# Some binding help please



## Guest (Jan 6, 2009)

Guys im new to the site. Ive been riding about 10 times now. im 5'9 my board is a Ride Control 155 and bindings are Burton Cartel with the capstrap. My right foot is at I guess what would be zero and left is slightly angled to what would be 11 o clock.... Im comfortable with stopping wiht my heel but going fast and switching between heel and toes is a little tough sometimes...I dont know if its my bindings or stance. I mostly just carve back and forth down the mountain. Is there anything I can do to my setup to make it more comfortable or is there a default setup as far as angling the bindings? I was thinking the Flow m11 bindings would be better by the way they looked what do you guys think?


----------



## EvoKnvl (Mar 5, 2008)

How heavy are you?


----------



## Guest (Jan 6, 2009)

190 but not fat I workout =)


----------



## DC5R (Feb 21, 2008)

I'm a little confused. Based on what you said, it just seems like you're having issues linking turns. If that's the case, I think it's just a matter of practice. New bindings will not solve that issue.
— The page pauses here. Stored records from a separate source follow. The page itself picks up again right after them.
lemma resolvent_identity:
  assumes "c \<notin> spectrum x" "d \<notin> spectrum x"
  shows "resolvent x c - resolvent x d = resolvent x c * of_complex (c - d) * resolvent x d"
proof -
  have "resolvent x c - resolvent x d
      = resolvent x c * ((x - of_complex d) * resolvent x d)
        - (resolvent x c * (x - of_complex c)) * resolvent x d"
    by (simp add: resolvent_inverse assms)
  also have "\<dots> = resolvent x c * ((x - of_complex d) - (x - of_complex c)) * resolvent x d"
    by (simp add: right_diff_distrib left_diff_distrib mult.assoc)
  finally show ?thesis by (simp add: of_complex_diff)
qed

lemma resolvent_locally_lipschitz:
  assumes d: "d \<notin> spectrum x" and near: "cmod (c - d) * norm (resolvent x d) \<le> 1/2"
  shows "c \<notin> spectrum x"
    "norm (resolvent x c - resolvent x d) \<le> 2 * norm (resolvent x d) ^ 2 * cmod (c - d)"
proof -
  have shift: "(x - of_complex d) + of_complex (d - c) = x - of_complex c"
    by (simp add: of_complex_diff)
  have "norm (of_complex (d - c) :: 'a) * norm (resolvent x d) \<le> 1/2"
    using near by (simp add: norm_minus_commute)
  note invertible_elem_add_small[OF resolvent_inverse[OF d] this, unfolded shift]
  then have c: "c \<notin> spectrum x" "norm (resolvent x c) \<le> 2 * norm (resolvent x d)"
    by (simp_all add: in_spectrum_iff resolvent_def)
  show "c \<notin> spectrum x" by (fact c(1))
  have "norm (resolvent x c - resolvent x d)
      \<le> norm (resolvent x c) * cmod (c - d) * norm (resolvent x d)"
    unfolding resolvent_identity[OF c(1) d]
    by (metis norm_mult_ineq norm_of_complex_mult mult.assoc)
  also have "\<dots> \<le> 2 * norm (resolvent x d) * cmod (c - d) * norm (resolvent x d)"
    using c(2) by (intro mult_right_mono) auto
  finally show "norm (resolvent x c - resolvent x d) \<le> 2 * norm (resolvent x d) ^ 2 * cmod (c - d)"
    by (simp add: power2_eq_square mult_ac)
qed

lemma open_resolvent_set: "open (- spectrum x)"
  unfolding open_dist
proof (intro ballI)
  fix d assume "d \<in> - spectrum x"
  then have d: "d \<notin> spectrum x" by simp
  define r where "r = 1 / (2 * norm (resolvent x d))"
  have "r > 0" using norm_resolvent_pos[OF d] by (simp add: r_def)
  moreover have "c \<in> - spectrum x" if "dist c d < r" for c
    using that norm_resolvent_pos[OF d] resolvent_locally_lipschitz(1)[OF d]
    by (simp add: dist_norm r_def field_simps)
  ultimately show "\<exists>r>0. \<forall>c. dist c d < r \<longrightarrow> c \<in> - spectrum x" by blast
qed

lemma bounded_spectrum: "bounded (spectrum x)"
  unfolding bounded_iff
proof (intro exI ballI)
  fix c assume c: "c \<in> spectrum x"
  show "cmod c \<le> 2 * norm x"
  proof (rule ccontr)
    assume far: "\<not> cmod c \<le> 2 * norm x"
    then have "c \<noteq> 0" by auto
    then have inv: "- of_complex c * - of_complex (inverse c) = (1::'a)"
      "- of_complex (inverse c) * - of_complex c = (1::'a)"
      by (simp_all add: of_complex_mult[symmetric])
    have "norm x * norm (- of_complex (inverse c) :: 'a) \<le> 1/2"
      using far \<open>c \<noteq> 0\<close> by (simp add: norm_inverse norm_divide field_simps)
    then have "invertible_elem (- of_complex c + x)"
      using invertible_elem_add_small(1)[OF inv] by blast
    then show False using c by (simp add: in_spectrum_iff)
  qed
qed

lemma compact_spectrum: "compact (spectrum x)"
  using open_resolvent_set[of x] bounded_spectrum[of x]
  by (simp add: compact_eq_bounded_closed closed_def)

lemma continuous_on_resolvent: "continuous_on (- spectrum x) (resolvent x)"
proof (intro continuous_at_imp_continuous_on ballI)
  fix d assume "d \<in> - spectrum x"
  then have d: "d \<notin> spectrum x" by simp
  define r where "r = 1 / (2 * norm (resolvent x d))"
  have "r > 0" using norm_resolvent_pos[OF d] by (simp add: r_def)
  then have "eventually (\<lambda>c. c \<in> ball d r) (at d)"
    using eventually_at_ball[of r d UNIV] by (simp add: eventually_mono)
  then have "eventually (\<lambda>c. norm (resolvent x c - resolvent x d)
      \<le> norm (c - d) * (2 * norm (resolvent x d) ^ 2)) (at d)"
  proof (rule eventually_mono)
    fix c assume "c \<in> ball d r"
    then have "cmod (c - d) * norm (resolvent x d) \<le> 1/2"
      using norm_resolvent_pos[OF d] by (simp add: r_def dist_norm norm_minus_commute field_simps)
    then show "norm (resolvent x c - resolvent x d) \<le> norm (c - d) * (2 * norm (resolvent x d) ^ 2)"
      using resolvent_locally_lipschitz(2)[OF d] by (simp add: mult_ac)
  qed
  with LIM_zero[OF tendsto_ident_at]
  have "((\<lambda>c. resolvent x c - resolvent x d) \<longlongrightarrow> 0) (at d)"
    by (rule tendsto_0_le)
  then show "isCont (resolvent x) d"
    unfolding isCont_def by (rule LIM_zero_cancel)
qed

section \<open>A maximum principle for the norm of the resolvent\<close>

lemma sum_roots_of_unity_power:
  assumes "0 < k" "k < N"
  shows "(\<Sum>j<N. exp (2 * of_real pi * \<i> * of_nat j / of_nat N) ^ k) = 0"
proof -
  define z where "z = exp (2 * of_real pi * \<i> * of_nat k / of_nat N)"
  have "z \<noteq> 1"
    using assms complex_root_unity_eq_1[of N k] by (auto simp: z_def dest: dvd_imp_le)
  moreover have "z ^ N = 1"
    using assms complex_root_unity_eq_1[of N "k * N"]
    by (simp add: z_def exp_of_nat_mult[symmetric] field_simps)
  moreover have "exp (2 * of_real pi * \<i> * of_nat j / of_nat N) ^ k = z ^ j" for j
    by (simp add: z_def exp_of_nat_mult[symmetric] field_simps)
  ultimately show ?thesis by (simp add: sum_gp_strict)
qed

lemma norm_sums_diff_first_le:
  fixes t :: "nat \<Rightarrow> 'a::banach"
  assumes t: "t sums A" and "0 < N"
    and gap: "\<And>k. 0 < k \<Longrightarrow> k < N \<Longrightarrow> t k = 0"
    and tail: "\<And>k. N \<le> k \<Longrightarrow> norm (t k) \<le> C * q ^ k"
    and q: "0 \<le> q" "q < 1"
  shows "norm (A - t 0) \<le> C * q ^ N / (1 - q)"
proof -
  define f where "f k = (if k = 0 then 0 else t k)" for k
  have "(\<lambda>k. t (Suc k)) sums (A - t 0)"
    using t sums_Suc_iff[of t "A - t 0"] by simp
  then have "f sums (A - t 0)"
    using sums_Suc_iff[of f "A - t 0"] by (simp add: f_def)
  moreover have "f k = 0" if "k < N" for k
    using gap that by (simp add: f_def)
  ultimately have "(\<lambda>k. f (k + N)) sums (A - t 0)"
    by (simp add: sums_zero_iff_shift)
  then have shifted: "(\<lambda>k. t (k + N)) sums (A - t 0)"
    using \<open>0 < N\<close> by (simp add: f_def)
  have geometric: "(\<lambda>k. C * q ^ N * q ^ k) sums (C * q ^ N * (1 / (1 - q)))"
    using q by (intro sums_mult geometric_sums) simp
  have "norm (A - t 0) = norm (\<Sum>k. t (k + N))"
    using sums_unique[OF shifted] by simp
  also have "\<dots> \<le> (\<Sum>k. C * q ^ N * q ^ k)"
  proof (rule norm_suminf_le)
    show "norm (t (k + N)) \<le> C * q ^ N * q ^ k" for k
      using tail[of "k + N"] by (simp add: power_add mult_ac)
  qed (use geometric sums_summable in blast)
  also have "\<dots> = C * q ^ N / (1 - q)"
    using sums_unique[OF geometric] by simp
  finally show ?thesis .
qed

lemma resolvent_power_series:
  assumes w: "w \<notin> spectrum x" and small: "cmod c * norm (resolvent x w) < 1"
  shows "(\<lambda>k. of_complex (c ^ k) * resolvent x w ^ Suc k) sums resolvent x (w + c)"
proof -
  define R where "R = resolvent x w"
  have commute: "R * of_complex (- c) = - (of_complex c * R)"
    by (simp add: of_complex_commute of_complex_minus)
  have shift: "(x - of_complex w) + of_complex (- c) = x - of_complex (w + c)"
    by (simp add: of_complex_add of_complex_minus)
  have "norm (R * of_complex (- c)) < 1"
    unfolding commute norm_minus_cancel norm_of_complex_mult using small by (simp add: R_def)
  note inverse = elem_inverse_add(2)[OF resolvent_inverse[OF w] this[unfolded R_def], unfolded shift]
  have "norm (of_complex c * R) < 1"
    using small by (simp add: norm_of_complex_mult R_def)
  then have "(\<lambda>k. (of_complex c * R) ^ k * R) sums ((\<Sum>k. (of_complex c * R) ^ k) * R)"
    by (intro sums_mult2 summable_sums complete_algebra_summable_geometric)
  then show ?thesis
    using inverse commute
    by (simp add: resolvent_def power_of_complex_mult power_Suc2 power_commutes mult.assoc R_def)
qed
If you're knees/ankle/whatever is hurting because of the angle of your bindings, then change the settings. Trial and error is the only way you'll know what's best for you because one person's setting may not be right for another person.


----------



## arsenic0 (Nov 11, 2008)

Yea just sounds like you need more practice. As you go more you'll get comfortable with that speed(oh crap im going to die!) sensation.

For me, its more of a mental thing honestly. I find when i overly think what im doing on the mountain(like ok go toeside, go heelside, etc) that i tend to tense up and screw myself up. Just relaxing and going with the flow helps


----------